Find every line in the data that contains the word "refl". Return each of those lines.

■ MATERIALS PROVIDED
○ ○ ○
lemma rayleigh_between:
  assumes "vinner n v v = 1"
  shows "c 1 \<le> (\<Sum>i<n. block_cos m c i * (v i)^2) \<and> (\<Sum>i<n. block_cos m c i * (v i)^2) \<le> 1"
proof -
  have unit: "(\<Sum>i<n. (v i)^2) = 1" using assms by (simp add: vinner_self_eq_sum)
  have "c 1 = (\<Sum>i<n. c 1 * (v i)^2)" using unit by (simp add: sum_distrib_left[symmetric])
  also have "\<dots> \<le> (\<Sum>i<n. block_cos m c i * (v i)^2)"
    using block_cos_between by (intro sum_mono mult_right_mono) auto
  finally have "c 1 \<le> (\<Sum>i<n. block_cos m c i * (v i)^2)" .
  moreover have "(\<Sum>i<n. block_cos m c i * (v i)^2) \<le> (\<Sum>i<n. 1 * (v i)^2)"
    using block_cos_between by (intro sum_mono mult_right_mono) auto
  ultimately show ?thesis using unit by simp
qed

lemma rayleigh_dist_c1_le_tail_sq:
  assumes "vinner n v v = 1"
  shows "\<bar>(\<Sum>i<n. block_cos m c i * (v i)^2) - c 1\<bar> \<le> tail_sq v"
proof -
  have "(\<Sum>i<n. block_cos m c i * (v i)^2) - c 1 = (\<Sum>i<n. (block_cos m c i - c 1) * (v i)^2)"
    using assms by (simp add: vinner_self_eq_sum algebra_simps sum_subtractf sum_distrib_left[symmetric])
  moreover have "0 \<le> (\<Sum>i<n. (block_cos m c i - c 1) * (v i)^2)"
    using block_cos_between by (intro sum_nonneg mult_nonneg_nonneg) auto
  moreover have "(\<Sum>i<n. (block_cos m c i - c 1) * (v i)^2) \<le> tail_sq v"
    unfolding tail_sq_def
  proof (rule sum_mono)
    fix i
    have "block_cos m c i - c 1 \<le> (if 2 \<le> i then 1 else 0)"
      using block_cos_between[of i] block_cos_head[of i] c1_pos by auto
    then show "(block_cos m c i - c 1) * (v i)\<^sup>2 \<le> (if 2 \<le> i then 1 else 0) * (v i)\<^sup>2"
      by (intro mult_right_mono) auto
  qed
  ultimately show ?thesis by simp
qed

text \<open>One half step of ACI(1), with \<open>s'\<close> either \<open>s\<close> (for \<open>A\<close>) or \<open>-s\<close> (for \<open>A\<^sup>T\<close>); the shift is
  always the Rayleigh quotient with respect to \<open>A\<close>, which is also the one with respect to \<open>A\<^sup>T\<close>.\<close>

lemma shifted_normalized_contracts:
  assumes cs': "\<And>j. j \<in> {1..m} \<Longrightarrow> (c j)^2 + (s' j)^2 = 1"
    and unit: "vinner n v v = 1" and head_pos: "0 < head_sq v"
    and a: "a = (\<Sum>i<n. block_cos m c i * (v i)^2)"
    and u: "u = (\<lambda>i. matvec n (blockA m tr c s') v i - a * v i)"
    and v': "v' = (\<lambda>i. u i / vnorm n u)"
  shows "vinner n v' v' = 1 \<and> 0 < head_sq v' \<and> tail_ratio v' \<le> rate * tail_ratio v"
proof -
  have a_between: "c 1 \<le> a" "a \<le> 1" using rayleigh_between[OF unit] a by auto
  let ?f = "rot_shift_sq a (c 1)"
  have f_pos: "0 < ?f" by (rule rot_shift_sq_c1_pos)
  have head_u: "head_sq u = ?f * head_sq v"
  proof -
    have "head_sq u = (\<Sum>i<n. (if i < 2 then 1 else 0) * rot_shift_sq a (block_cos m c i) * (v i)^2)"
      unfolding head_sq_def u by (rule weighted_residual_blockA[OF cs']) auto
    also have "\<dots> = (\<Sum>i<n. ?f * ((if i < 2 then 1 else 0) * (v i)^2))"
      by (rule sum.cong) (auto simp: block_cos_head)
    finally show ?thesis unfolding head_sq_def by (simp add: sum_distrib_left)
  qed
  have tail_u: "tail_sq u \<le> rate * ?f * tail_sq v"
  proof -
    have "tail_sq u = (\<Sum>i<n. (if 2 \<le> i then 1 else 0) * rot_shift_sq a (block_cos m c i) * (v i)^2)"
      unfolding tail_sq_def u by (rule weighted_residual_blockA[OF cs']) auto
    also have "\<dots> \<le> (\<Sum>i<n. rate * ?f * ((if 2 \<le> i then 1 else 0) * (v i)^2))"
      using rot_shift_sq_tail_le[OF a_between block_cos_tail]
      by (intro sum_mono) (auto intro!: mult_right_mono)
    finally show ?thesis unfolding tail_sq_def by (simp add: sum_distrib_left)
  qed
  have head_u_pos: "0 < head_sq u" using head_u f_pos head_pos by simp
  have u_pos: "0 < vinner n u u" using head_sq_plus_tail_sq[of u] tail_sq_nonneg[of u] head_u_pos by linarith
  have head_v': "head_sq v' = head_sq u / vinner n u u"
    unfolding head_sq_def v' by (rule weighted_sum_normalized[OF u_pos])
  have tail_v': "tail_sq v' = tail_sq u / vinner n u u"
    unfolding tail_sq_def v' by (rule weighted_sum_normalized[OF u_pos])
  have unit_v': "vinner n v' v' = 1"
    unfolding vinner_self_eq_sum v' weighted_sum_normalized[OF u_pos] using u_pos by (simp add: vinner_self_eq_sum)
  have "tail_ratio v' = tail_sq u / head_sq u"
    unfolding tail_ratio_def head_v' tail_v' using u_pos by simp
  also have "\<dots> \<le> rate * ?f * tail_sq v / head_sq u"
    using tail_u head_u_pos by (simp add: divide_right_mono)
  also have "\<dots> = rate * tail_ratio v" unfolding tail_ratio_def using head_u f_pos by simp
  finally show ?thesis using unit_v' head_v' head_u_pos u_pos by simp
qed

lemma aci_w_contracts:
  assumes "vinner n (aci_v n A v0 k) (aci_v n A v0 k) = 1" "0 < head_sq (aci_v n A v0 k)"
  shows "vinner n (aci_w n A v0 k) (aci_w n A v0 k) = 1 \<and> 0 < head_sq (aci_w n A v0 k)
     \<and> tail_ratio (aci_w n A v0 k) \<le> rate * tail_ratio (aci_v n A v0 k)"
  by (rule shifted_normalized_contracts[OF cs assms rayleigh_blockA[where s=s] refl])
    (simp_all add: aci_w_def aci_half_def Let_def)

lemma aci_v_Suc_contracts:
  assumes "vinner n (aci_w n A v0 k) (aci_w n A v0 k) = 1" "0 < head_sq (aci_w n A v0 k)"
  shows "vinner n (aci_v n A v0 (Suc k)) (aci_v n A v0 (Suc k)) = 1 \<and> 0 < head_sq (aci_v n A v0 (Suc k))
     \<and> tail_ratio (aci_v n A v0 (Suc k)) \<le> rate * tail_ratio (aci_w n A v0 k)"
  by (rule shifted_normalized_contracts[of "\<lambda>j. - s j", OF _ assms rayleigh_blockA[where s=s] refl])
    (simp_all add: cs aci_w_def aci_half_def Let_def transp_blockA)

lemma aci_tail_ratio_decay:
  assumes "vinner n v0 v0 = 1" "0 < head_sq v0"
  shows "vinner n (aci_v n A v0 k) (aci_v n A v0 k) = 1 \<and> 0 < head_sq (aci_v n A v0 k)
     \<and> tail_ratio (aci_v n A v0 k) \<le> rate^(2*k) * tail_ratio v0
     \<and> vinner n (aci_w n A v0 k) (aci_w n A v0 k) = 1 \<and> 0 < head_sq (aci_w n A v0 k)
     \<and> tail_ratio (aci_w n A v0 k) \<le> rate^(2*k+1) * tail_ratio v0"
proof (induction k)
  case 0
  then show ?case using aci_w_contracts[of v0 0] assms by simp
next
  case (Suc k)
  let ?w = "aci_w n A v0 k" and ?v' = "aci_v n A v0 (Suc k)" and ?w' = "aci_w n A v0 (Suc k)"
  have w: "vinner n ?w ?w = 1" "0 < head_sq ?w" "tail_ratio ?w \<le> rate^(2*k+1) * tail_ratio v0"
    using Suc.IH by blast+
  have v': "vinner n ?v' ?v' = 1" "0 < head_sq ?v'" "tail_ratio ?v' \<le> rate * tail_ratio ?w"
    using aci_v_Suc_contracts[OF w(1,2)] by blast+
  have w': "vinner n ?w' ?w' = 1" "0 < head_sq ?w'" "tail_ratio ?w' \<le> rate * tail_ratio ?v'"
    using aci_w_contracts[OF v'(1,2)] by blast+
  have "tail_ratio ?v' \<le> rate^(2*Suc k) * tail_ratio v0"
    using order_trans[OF v'(3) mult_left_mono[OF w(3) rate_nonneg]] by (simp add: mult.assoc)
  moreover from this have "tail_ratio ?w' \<le> rate^(2*Suc k+1) * tail_ratio v0"
    using order_trans[OF w'(3) mult_left_mono[OF _ rate_nonneg]] by (simp add: mult.assoc)
  ultimately show ?case using v' w' by blast
qed

context
  fixes v0 :: "nat \<Rightarrow> real"
  assumes unit: "vinner n v0 v0 = 1" and head_pos: "0 < head_sq v0"
begin

lemma aci_v_tail_sq_le: "tail_sq (aci_v n A v0 k) \<le> rate^(2*k) * tail_ratio v0"
  using tail_sq_le_tail_ratio[of "aci_v n A v0 k"] aci_tail_ratio_decay[OF unit head_pos, of k] by linarith

lemma aci_w_tail_sq_le: "tail_sq (aci_w n A v0 k) \<le> rate^(2*k+1) * tail_ratio v0"
  using tail_sq_le_tail_ratio[of "aci_w n A v0 k"] aci_tail_ratio_decay[OF unit head_pos, of k] by linarith

lemma aci_alpha_tendsto: "aci_alpha n A v0 \<longlonglongrightarrow> c 1"
proof (rule LIM_zero_cancel, rule Lim_null_comparison[OF always_eventually rate_power_tendsto_zero[of 0]], rule allI)
  fix k
  have "aci_alpha n A v0 k = (\<Sum>i<n. block_cos m c i * (aci_v n A v0 k i)^2)"
    by (simp add: aci_alpha_def aci_half_def Let_def rayleigh_blockA)
  then show "norm (aci_alpha n A v0 k - c 1) \<le> rate^(2*k+0) * tail_ratio v0"
    using rayleigh_dist_c1_le_tail_sq aci_tail_ratio_decay[OF unit head_pos, of k] aci_v_tail_sq_le[of k]
    by fastforce
qed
○ ○ ○
■ EXPECTED ANSWER
  by (rule shifted_normalized_contracts[OF cs assms rayleigh_blockA[where s=s] refl])
  by (rule shifted_normalized_contracts[of "\<lambda>j. - s j", OF _ assms rayleigh_blockA[where s=s] refl])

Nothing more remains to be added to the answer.